__Task details__: Repeat verbatim only the lines from the opening of the material below through the one that contains "v) has_derivative (\<lambda>s.".

__Provided records__:
lemma Ck1_has_real_derivative_line:
  assumes "Ck 1 \<phi>"
  shows "((\<lambda>s. \<phi> (q + s *\<^sub>R v)) has_real_derivative frechet_derivative \<phi> (at (q + s *\<^sub>R v)) v) (at s)"
proof -
  have "linear (frechet_derivative \<phi> (at y))" for y
    using Ck1_has_derivative[OF assms] has_derivative_linear by blast
  moreover have "((\<lambda>s. q + s *\<^sub>R v) has_derivative (\<lambda>s. s *\<^sub>R v)) (at s)"
    by (auto intro!: derivative_eq_intros)
  note has_derivative_compose[OF this Ck1_has_derivative[OF assms]]
  ultimately show ?thesis
    by (simp add: has_field_derivative_def linear_scale mult.commute[of _ "frechet_derivative _ _ _"])
qed

lemma Ck1_lipschitz_on_cball:
  fixes \<phi> :: "'a::euclidean_space \<Rightarrow> real"
  assumes "Ck 1 \<phi>"
  shows "\<exists>B. B-lipschitz_on (cball p r) \<phi>"
proof -
  have "\<exists>M\<ge>0. \<forall>x\<in>cball p r. \<bar>frechet_derivative \<phi> (at x) b\<bar> \<le> M" for b
  proof -
    have "compact ((\<lambda>x. frechet_derivative \<phi> (at x) b) ` cball p r)"
      by (rule compact_continuous_image[OF continuous_on_subset[OF Ck1_continuous_derivative[OF assms]]])
        auto
    then obtain M where "\<forall>y\<in>(\<lambda>x. frechet_derivative \<phi> (at x) b) ` cball p r. norm y \<le> M"
      using compact_imp_bounded bounded_iff by metis
    then show ?thesis
      by (intro exI[of _ "max M 0"]) force
  qed
  then obtain M where M0: "\<And>b. 0 \<le> M b"
    and M: "\<And>b x. x \<in> cball p r \<Longrightarrow> \<bar>frechet_derivative \<phi> (at x) b\<bar> \<le> M b"
    by metis
  define B where "B = (\<Sum>b\<in>Basis. M b)"
  have "norm (\<phi> x - \<phi> y) \<le> B * norm (x - y)" if "x \<in> cball p r" "y \<in> cball p r" for x y
  proof (rule differentiable_bound[where f'="\<lambda>x. frechet_derivative \<phi> (at x)" and S="cball p r"])
    show "(\<phi> has_derivative frechet_derivative \<phi> (at x)) (at x within cball p r)" for x
      using Ck1_has_derivative[OF assms] has_derivative_at_withinI by blast
    show "onorm (frechet_derivative \<phi> (at x)) \<le> B" if "x \<in> cball p r" for x
    proof -
      have "bounded_linear (frechet_derivative \<phi> (at x))"
        using Ck1_has_derivative[OF assms] has_derivative_bounded_linear by blast
      then have "onorm (frechet_derivative \<phi> (at x)) \<le> (\<Sum>b\<in>Basis. norm (frechet_derivative \<phi> (at x) b))"
        by (rule onorm_componentwise)
      also have "\<dots> \<le> B"
        unfolding B_def using M[OF that] by (intro sum_mono) simp
      finally show ?thesis .
    qed
  qed (use that in auto)
  moreover have "0 \<le> B"
    unfolding B_def using M0 by (simp add: sum_nonneg)
  ultimately have "B-lipschitz_on (cball p r) \<phi>"
    by (intro lipschitz_onI) (auto simp: dist_norm)
  then show ?thesis ..
qed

__Expected answer__:
lemma Ck1_has_real_derivative_line:
  assumes "Ck 1 \<phi>"
  shows "((\<lambda>s. \<phi> (q + s *\<^sub>R v)) has_real_derivative frechet_derivative \<phi> (at (q + s *\<^sub>R v)) v) (at s)"
proof -
  have "linear (frechet_derivative \<phi> (at y))" for y
    using Ck1_has_derivative[OF assms] has_derivative_linear by blast
  moreover have "((\<lambda>s. q + s *\<^sub>R v) has_derivative (\<lambda>s. s *\<^sub>R v)) (at s)"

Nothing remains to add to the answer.